## Entries taken from a collection
§

theorem theorem4p6:
  fixes k n :: nat
  assumes "n = (2 * k + 1) ^ 2"
  shows
    "(\<exists>E :: nat \<Rightarrow> nat \<Rightarrow> bool. simple_graph {..<n} E \<and>
        chi_so {..<n} E = 2 * k + 1 \<and> chi_so {..<n} (graph_compl {..<n} E) = 2 * k + 1)
   \<and> (\<exists>E :: nat \<Rightarrow> nat \<Rightarrow> bool. simple_graph {..<n} E \<and>
        chi_so {..<n} E = n \<and> chi_so {..<n} (graph_compl {..<n} E) = n)
   \<and> (\<forall>(V :: 'a set) E. simple_graph V E \<and> card V = n \<longrightarrow>
        2 * (2 * k + 1) \<le> chi_so V E + chi_so V (graph_compl V E) \<and>
        chi_so V E + chi_so V (graph_compl V E) \<le> 2 * n \<and>
        n \<le> chi_so V E * chi_so V (graph_compl V E) \<and>
        chi_so V E * chi_so V (graph_compl V E) \<le> n ^ 2)
   \<and> (\<exists>E :: nat \<Rightarrow> nat \<Rightarrow> bool. simple_graph {..<n} E \<and>
        chi_so {..<n} E + chi_so {..<n} (graph_compl {..<n} E) = 2 * (2 * k + 1))
   \<and> (\<exists>E :: nat \<Rightarrow> nat \<Rightarrow> bool. simple_graph {..<n} E \<and>
        chi_so {..<n} E + chi_so {..<n} (graph_compl {..<n} E) = 2 * n)
   \<and> (\<exists>E :: nat \<Rightarrow> nat \<Rightarrow> bool. simple_graph {..<n} E \<and>
        chi_so {..<n} E * chi_so {..<n} (graph_compl {..<n} E) = n)
   \<and> (\<exists>E :: nat \<Rightarrow> nat \<Rightarrow> bool. simple_graph {..<n} E \<and>
        chi_so {..<n} E * chi_so {..<n} (graph_compl {..<n} E) = n ^ 2)"
proof -
  define m where "m = 2 * k + 1"
  have "0 < m" "odd m" by (simp_all add: m_def)
  have n: "n = m * m" using assms by (simp add: m_def power2_eq_square)
  interpret G: grid "{..<n}" m "\<lambda>x. x div m" "\<lambda>x. x mod m"
    using grid_div_mod[OF \<open>0 < m\<close>] n by simp
  note H1 = G.row_graph_simple G.chi_so_row_graph[OF \<open>odd m\<close>]
  note H2 = G.rook_graph_simple G.chi_so_rook_graph[OF \<open>odd m\<close>, folded n]
  have bounds: "2 * m \<le> chi_so V E + chi_so V (graph_compl V E) \<and>
      chi_so V E + chi_so V (graph_compl V E) \<le> 2 * n \<and>
      n \<le> chi_so V E * chi_so V (graph_compl V E) \<and>
      chi_so V E * chi_so V (graph_compl V E) \<le> n\<^sup>2"
    if "simple_graph V E" "card V = n" for V :: "'a set" and E
  proof -
    have "finite V" "\<And>v. \<not> E v v" using that(1) by (auto simp: simple_graph_def)
    then show ?thesis
      using double_le_chi_so_add_chi_so_compl[of V E m] chi_so_add_chi_so_compl_le[of V E]
        card_le_chi_so_mult_chi_so_compl[of V E] chi_so_mult_chi_so_compl_le[of V E] that(2) n
      by simp
  qed
  show ?thesis
    unfolding m_def[symmetric]
    using H1 H2 bounds n by (intro conjI) (blast | metis mult_2 power2_eq_square)+
qed

end
lemma cauchy_integral_circlepath_radius_eq:
  assumes "open U" "f holomorphic_on U" "0 < \<rho>" "\<rho> \<le> R"
    and "{w. \<rho> \<le> dist c w \<and> dist c w \<le> R} \<subseteq> U"
    and "z \<notin> {w. \<rho> \<le> dist c w \<and> dist c w \<le> R}"
  shows "contour_integral (circlepath c \<rho>) (\<lambda>p. f p / (p - z))
       = contour_integral (circlepath c R) (\<lambda>p. f p / (p - z))"
proof (rule contour_integral_circlepath_annulus_eq[where S = "U - {z}"])
  show "(\<lambda>p. f p / (p - z)) holomorphic_on U - {z}"
    using assms(2) by (auto intro!: holomorphic_intros elim: holomorphic_on_subset)
qed (use assms in auto)

lemma cauchy_integral_circlepath_jump:
  assumes "open U" "f holomorphic_on U" "0 < \<rho>" "\<rho> \<le> R"
    and ann: "{w. \<rho> \<le> dist c w \<and> dist c w \<le> R} \<subseteq> U"
    and z: "\<rho> < dist c z" "dist c z < R"
  shows "contour_integral (circlepath c R) (\<lambda>p. f p / (p - z))
       - contour_integral (circlepath c \<rho>) (\<lambda>p. f p / (p - z)) = 2 * of_real pi * \<i> * f z"
proof -
  define g where "g p = (if p = z then deriv f z else (f p - f z) / (p - z))" for p
  have "g holomorphic_on U"
    unfolding g_def using pole_lemma_open assms(1,2) by blast
  then have eq: "contour_integral (circlepath c \<rho>) g = contour_integral (circlepath c R) g"
    by (rule contour_integral_circlepath_annulus_eq[OF assms(1) _ assms(3,4) ann])
  have fc: "continuous_on (sphere c s) f" if "s \<in> {\<rho>, R}" for s
    using that ann assms(3,4) holomorphic_on_imp_continuous_on[OF assms(2)]
    by (auto elim!: continuous_on_subset)
  have zs: "z \<notin> sphere c s" if "s \<in> {\<rho>, R}" for s
    using that z by auto
  have jR: "((\<lambda>p. 1 / (p - z)) has_contour_integral 2 * of_real pi * \<i> * 1) (circlepath c R)"
    using Cauchy_integral_circlepath[of c R "\<lambda>_. 1" z] z by (simp add: dist_norm norm_minus_commute)
  have j\<rho>: "((\<lambda>p. 1 / (p - z)) has_contour_integral 0) (circlepath c \<rho>)"
    by (rule Cauchy_theorem_convex_simple[where S = "cball c \<rho>"])
       (use z assms(3) in \<open>auto intro!: holomorphic_intros\<close>)
  have g_int: "(g has_contour_integral
      contour_integral (circlepath c s) (\<lambda>p. f p / (p - z)) - f z * J) (circlepath c s)"
    if "s \<in> {\<rho>, R}" "((\<lambda>p. 1 / (p - z)) has_contour_integral J) (circlepath c s)" for s J
  proof (rule has_contour_integral_eq[OF has_contour_integral_diff
        [OF has_contour_integral_circlepath_cauchy[OF fc[OF that(1)] zs[OF that(1)]]
            has_contour_integral_lmul[OF that(2)]]])
    show "0 \<le> s" using that(1) assms(3,4) by auto
    show "f p / (p - z) - f z * (1 / (p - z)) = g p" if "p \<in> path_image (circlepath c s)" for p
      using that zs[OF \<open>s \<in> {\<rho>, R}\<close>] assms(3,4) \<open>s \<in> {\<rho>, R}\<close>
      by (auto simp: g_def diff_divide_distrib)
  qed
  show ?thesis
    using eq contour_integral_unique[OF g_int[OF _ jR]] contour_integral_unique[OF g_int[OF _ j\<rho>]]
    by (simp add: algebra_simps)
qed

§

## PROBLEM STATEMENT
The entries above are to be restated word for word.

## EXERCISE SOLUTION
theorem theorem4p6:
  fixes k n :: nat
  assumes "n = (2 * k + 1) ^ 2"
  shows
    "(\<exists>E :: nat \<Rightarrow> nat \<Rightarrow> bool. simple_graph {..<n} E \<and>
        chi_so {..<n} E = 2 * k + 1 \<and> chi_so {..<n} (graph_compl {..<n} E) = 2 * k + 1)
   \<and> (\<exists>E :: nat \<Rightarrow> nat \<Rightarrow> bool. simple_graph {..<n} E \<and>
        chi_so {..<n} E = n \<and> chi_so {..<n} (graph_compl {..<n} E) = n)
   \<and> (\<forall>(V :: 'a set) E. simple_graph V E \<and> card V = n \<longrightarrow>
        2 * (2 * k + 1) \<le> chi_so V E + chi_so V (graph_compl V E) \<and>
        chi_so V E + chi_so V (graph_compl V E) \<le> 2 * n \<and>
        n \<le> chi_so V E * chi_so V (graph_compl V E) \<and>
        chi_so V E * chi_so V (graph_compl V E) \<le> n ^ 2)
   \<and> (\<exists>E :: nat \<Rightarrow> nat \<Rightarrow> bool. simple_graph {..<n} E \<and>
        chi_so {..<n} E + chi_so {..<n} (graph_compl {..<n} E) = 2 * (2 * k + 1))
   \<and> (\<exists>E :: nat \<Rightarrow> nat \<Rightarrow> bool. simple_graph {..<n} E \<and>
        chi_so {..<n} E + chi_so {..<n} (graph_compl {..<n} E) = 2 * n)
   \<and> (\<exists>E :: nat \<Rightarrow> nat \<Rightarrow> bool. simple_graph {..<n} E \<and>
        chi_so {..<n} E * chi_so {..<n} (graph_compl {..<n} E) = n)
   \<and> (\<exists>E :: nat \<Rightarrow> nat \<Rightarrow> bool. simple_graph {..<n} E \<and>
        chi_so {..<n} E * chi_so {..<n} (graph_compl {..<n} E) = n ^ 2)"
proof -
  define m where "m = 2 * k + 1"
  have "0 < m" "odd m" by (simp_all add: m_def)
  have n: "n = m * m" using assms by (simp add: m_def power2_eq_square)
  interpret G: grid "{..<n}" m "\<lambda>x. x div m" "\<lambda>x. x mod m"
    using grid_div_mod[OF \<open>0 < m\<close>] n by simp
  note H1 = G.row_graph_simple G.chi_so_row_graph[OF \<open>odd m\<close>]
  note H2 = G.rook_graph_simple G.chi_so_rook_graph[OF \<open>odd m\<close>, folded n]
  have bounds: "2 * m \<le> chi_so V E + chi_so V (graph_compl V E) \<and>
      chi_so V E + chi_so V (graph_compl V E) \<le> 2 * n \<and>
      n \<le> chi_so V E * chi_so V (graph_compl V E) \<and>
      chi_so V E * chi_so V (graph_compl V E) \<le> n\<^sup>2"
    if "simple_graph V E" "card V = n" for V :: "'a set" and E
  proof -
    have "finite V" "\<And>v. \<not> E v v" using that(1) by (auto simp: simple_graph_def)
    then show ?thesis
      using double_le_chi_so_add_chi_so_compl[of V E m] chi_so_add_chi_so_compl_le[of V E]
        card_le_chi_so_mult_chi_so_compl[of V E] chi_so_mult_chi_so_compl_le[of V E] that(2) n
      by simp
  qed
  show ?thesis
    unfolding m_def[symmetric]
    using H1 H2 bounds n by (intro conjI) (blast | metis mult_2 power2_eq_square)+
qed

end
lemma cauchy_integral_circlepath_radius_eq:
  assumes "open U" "f holomorphic_on U" "0 < \<rho>" "\<rho> \<le> R"
    and "{w. \<rho> \<le> dist c w \<and> dist c w \<le> R} \<subseteq> U"
    and "z \<notin> {w. \<rho> \<le> dist c w \<and> dist c w \<le> R}"
  shows "contour_integral (circlepath c \<rho>) (\<lambda>p. f p / (p - z))
       = contour_integral (circlepath c R) (\<lambda>p. f p / (p - z))"
proof (rule contour_integral_circlepath_annulus_eq[where S = "U - {z}"])
  show "(\<lambda>p. f p / (p - z)) holomorphic_on U - {z}"
    using assms(2) by (auto intro!: holomorphic_intros elim: holomorphic_on_subset)
qed (use assms in auto)

lemma cauchy_integral_circlepath_jump:
  assumes "open U" "f holomorphic_on U" "0 < \<rho>" "\<rho> \<le> R"
    and ann: "{w. \<rho> \<le> dist c w \<and> dist c w \<le> R} \<subseteq> U"
    and z: "\<rho> < dist c z" "dist c z < R"
  shows "contour_integral (circlepath c R) (\<lambda>p. f p / (p - z))
       - contour_integral (circlepath c \<rho>) (\<lambda>p. f p / (p - z)) = 2 * of_real pi * \<i> * f z"
proof -
  define g where "g p = (if p = z then deriv f z else (f p - f z) / (p - z))" for p
  have "g holomorphic_on U"
    unfolding g_def using pole_lemma_open assms(1,2) by blast
  then have eq: "contour_integral (circlepath c \<rho>) g = contour_integral (circlepath c R) g"
    by (rule contour_integral_circlepath_annulus_eq[OF assms(1) _ assms(3,4) ann])
  have fc: "continuous_on (sphere c s) f" if "s \<in> {\<rho>, R}" for s
    using that ann assms(3,4) holomorphic_on_imp_continuous_on[OF assms(2)]
    by (auto elim!: continuous_on_subset)
  have zs: "z \<notin> sphere c s" if "s \<in> {\<rho>, R}" for s
    using that z by auto
  have jR: "((\<lambda>p. 1 / (p - z)) has_contour_integral 2 * of_real pi * \<i> * 1) (circlepath c R)"
    using Cauchy_integral_circlepath[of c R "\<lambda>_. 1" z] z by (simp add: dist_norm norm_minus_commute)
  have j\<rho>: "((\<lambda>p. 1 / (p - z)) has_contour_integral 0) (circlepath c \<rho>)"
    by (rule Cauchy_theorem_convex_simple[where S = "cball c \<rho>"])
       (use z assms(3) in \<open>auto intro!: holomorphic_intros\<close>)
  have g_int: "(g has_contour_integral
      contour_integral (circlepath c s) (\<lambda>p. f p / (p - z)) - f z * J) (circlepath c s)"
    if "s \<in> {\<rho>, R}" "((\<lambda>p. 1 / (p - z)) has_contour_integral J) (circlepath c s)" for s J
  proof (rule has_contour_integral_eq[OF has_contour_integral_diff
        [OF has_contour_integral_circlepath_cauchy[OF fc[OF that(1)] zs[OF that(1)]]
            has_contour_integral_lmul[OF that(2)]]])
    show "0 \<le> s" using that(1) assms(3,4) by auto
    show "f p / (p - z) - f z * (1 / (p - z)) = g p" if "p \<in> path_image (circlepath c s)" for p
      using that zs[OF \<open>s \<in> {\<rho>, R}\<close>] assms(3,4) \<open>s \<in> {\<rho>, R}\<close>
      by (auto simp: g_def diff_divide_distrib)
  qed
  show ?thesis
    using eq contour_integral_unique[OF g_int[OF _ jR]] contour_integral_unique[OF g_int[OF _ j\<rho>]]
    by (simp add: algebra_simps)
qed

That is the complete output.